* Assigned task:
Give again, word for word, every line below from the one that has "(Fin r) = ereal" through the one that has "qed (rule measurable_truncation[OF", both included, and no others.

──────── Working data

(* Let $A$ be an alphabet and let $K$ be one of $K_1$, $K_2$, $K_3$. The quantitative language-inclusion problem for weighted Büchi automata over $K$ and $A$ is decidable: there is an algorithm that, given weighted Büchi automata $\mathcal{N},\widehat{\mathcal{N}}$ over $K$ and $A$, decides whether $(\|\mathcal{N}\|,w)\le(\|\widehat{\mathcal{N}}\|,w)$ for all $w\in A^{\omega}$.
   Context: $\overline{\mathbb{Q}}=\mathbb{Q}\cup\{\infty,-\infty\}$ with its usual order. In each of $K_1,K_2,K_3$ the carrier is $\overline{\mathbb{Q}}$, addition (binary and infinitary) is $\sup$ with zero $-\infty$, product is $\inf$ with unit $\infty$; the $\omega$-valuation functions on sequences $(d_i)_{i\ge0}$ with finitely many values are: for $K_1$, $\mathrm{liminf}$: $-\infty$ if some $d_i=-\infty$; $\infty$ if all $d_i=\infty$; $\sup_{i\ge0}\inf\{d_k\mid k\ge i,d_k\ne\infty\}$ if no $-\infty$ and infinitely many $d_i\ne\infty$; $\inf\{d_i\mid d_i\ne\infty\}$ otherwise. For $K_2$, $\mathrm{limsup}$: $-\infty$ if some $d_i=-\infty$; $\infty$ if all $d_i=\infty$; $\inf_{i\ge0}\sup\{d_k\mid k\ge i,d_k\ne\infty\}$ if no $-\infty$ and infinitely many $d_i\ne\infty$; $\sup\{d_i\mid d_i\ne\infty\}$ otherwise. For $K_3$, $\sup_{-\infty}$: $-\infty$ if some $d_i=-\infty$; $\infty$ if all $d_i=\infty$; $\sup\{d_k\mid d_k\ne\infty\}$ otherwise. A weighted Büchi automaton over $A$ and $K$ is $(Q,wt,I,F)$ with finite $Q$, $wt:Q\times A\times Q\to\overline{\mathbb{Q}}$, $I,F\subseteq Q$; the weight of a path $(q_j,a_j,q_{j+1})_{j\ge0}$ is the $\omega$-valuation of $(wt(q_j,a_j,q_{j+1}))_j$; a path is successful if $q_0\in I$ and some state of $F$ occurs infinitely often; the behavior $(\|\mathcal{A}\|,w)$ is the supremum of the weights of successful paths over $w$ ($-\infty$ if none). *)

theory Defs
  imports Complex_Main "HOL-Library.Extended_Real" "HOL-Library.Nat_Bijection"
begin

datatype qbar = MInf | Fin rat | PInf

text \<open>Order-embedding of the extended rationals into the extended reals; all
  semiring operations (sup, inf) and valuations are order-theoretic and applied to
  finitely many values, so they may be computed in ereal.\<close>
fun to_ereal :: "qbar \<Rightarrow> ereal" where
  "to_ereal MInf = - \<infinity>"
| "to_ereal (Fin r) = ereal (of_rat r)"
| "to_ereal PInf = \<infinity>"

definition liminf_val :: "(nat \<Rightarrow> ereal) \<Rightarrow> ereal" where
  "liminf_val d =
     (if \<exists>i. d i = - \<infinity> then - \<infinity>
      else if \<forall>i. d i = \<infinity> then \<infinity>
      else if infinite {i. d i \<noteq> \<infinity>}
        then (SUP i. INF k \<in> {k. k \<ge> i \<and> d k \<noteq> \<infinity>}. d k)
      else (INF i \<in> {i. d i \<noteq> \<infinity>}. d i))"
locale cube_regularization =
  fixes M :: "'a measure" and N :: nat and P :: "(nat \<Rightarrow> 'a) \<Rightarrow> real"
    and B :: "'a set" and K e :: real
  assumes sigma_finite: "sigma_finite_measure M" and density: "sym_prob_density M N P"
    and B: "B \<in> sets M" "0 < emeasure M B" "emeasure M B < \<infinity>"
    and K: "0 \<le> K" and e: "0 < e"
begin

lemma measurable_density: "P \<in> borel_measurable (prodM M N)"
  using density unfolding sym_prob_density_def by simp

lemma emeasure_cube_less_top: "emeasure (prodM M N) (cube N B) < \<infinity>"
  using B(3) by (simp add: emeasure_cube[OF sigma_finite B(1)] power_less_top_ennreal)

lemma measure_cube_pos: "0 < measure (prodM M N) (cube N B)"
proof -
  have "emeasure (prodM M N) (cube N B) \<noteq> 0"
    using B(2) by (simp add: emeasure_cube[OF sigma_finite B(1)])
  then show ?thesis
    using emeasure_cube_less_top unfolding measure_def
    by (metis enn2real_positive_iff infinity_ennreal_def zero_less_iff_neq_zero)
qed

lemma integrable_truncation: "integrable (prodM M N) (truncation N P B K)"
proof (rule Bochner_Integration.integrable_bound)
  show "integrable (prodM M N) (\<lambda>x. K * indicator (cube N B) x)"
    using sets_cube[OF B(1)] emeasure_cube_less_top by simp
  show "AE x in prodM M N. norm (truncation N P B K x) \<le> norm (K * indicator (cube N B) x)"
    using K by (intro AE_I2) (simp add: truncation_def indicator_def)
qed (rule measurable_truncation[OF measurable_density B(1)])

lemma integrable_lifted_truncation: "integrable (prodM M N) (lifted_truncation N P B K e)"
  unfolding lifted_truncation_def
  using integrable_truncation sets_cube[OF B(1)] emeasure_cube_less_top by simp

lemma integral_lifted_truncation:
  "integral\<^sup>L (prodM M N) (lifted_truncation N P B K e)
     = integral\<^sup>L (prodM M N) (truncation N P B K) + e * measure (prodM M N) (cube N B)"
  unfolding lifted_truncation_def
  using integrable_truncation sets_cube[OF B(1)] emeasure_cube_less_top by simp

────────────────

* Task answer:
| "to_ereal (Fin r) = ereal (of_rat r)"
| "to_ereal PInf = \<infinity>"

definition liminf_val :: "(nat \<Rightarrow> ereal) \<Rightarrow> ereal" where
  "liminf_val d =
     (if \<exists>i. d i = - \<infinity> then - \<infinity>
      else if \<forall>i. d i = \<infinity> then \<infinity>
      else if infinite {i. d i \<noteq> \<infinity>}
        then (SUP i. INF k \<in> {k. k \<ge> i \<and> d k \<noteq> \<infinity>}. d k)
      else (INF i \<in> {i. d i \<noteq> \<infinity>}. d i))"
locale cube_regularization =
  fixes M :: "'a measure" and N :: nat and P :: "(nat \<Rightarrow> 'a) \<Rightarrow> real"
    and B :: "'a set" and K e :: real
  assumes sigma_finite: "sigma_finite_measure M" and density: "sym_prob_density M N P"
    and B: "B \<in> sets M" "0 < emeasure M B" "emeasure M B < \<infinity>"
    and K: "0 \<le> K" and e: "0 < e"
begin

lemma measurable_density: "P \<in> borel_measurable (prodM M N)"
  using density unfolding sym_prob_density_def by simp

lemma emeasure_cube_less_top: "emeasure (prodM M N) (cube N B) < \<infinity>"
  using B(3) by (simp add: emeasure_cube[OF sigma_finite B(1)] power_less_top_ennreal)

lemma measure_cube_pos: "0 < measure (prodM M N) (cube N B)"
proof -
  have "emeasure (prodM M N) (cube N B) \<noteq> 0"
    using B(2) by (simp add: emeasure_cube[OF sigma_finite B(1)])
  then show ?thesis
    using emeasure_cube_less_top unfolding measure_def
    by (metis enn2real_positive_iff infinity_ennreal_def zero_less_iff_neq_zero)
qed

lemma integrable_truncation: "integrable (prodM M N) (truncation N P B K)"
proof (rule Bochner_Integration.integrable_bound)
  show "integrable (prodM M N) (\<lambda>x. K * indicator (cube N B) x)"
    using sets_cube[OF B(1)] emeasure_cube_less_top by simp
  show "AE x in prodM M N. norm (truncation N P B K x) \<le> norm (K * indicator (cube N B) x)"
    using K by (intro AE_I2) (simp add: truncation_def indicator_def)
qed (rule measurable_truncation[OF measurable_density B(1)])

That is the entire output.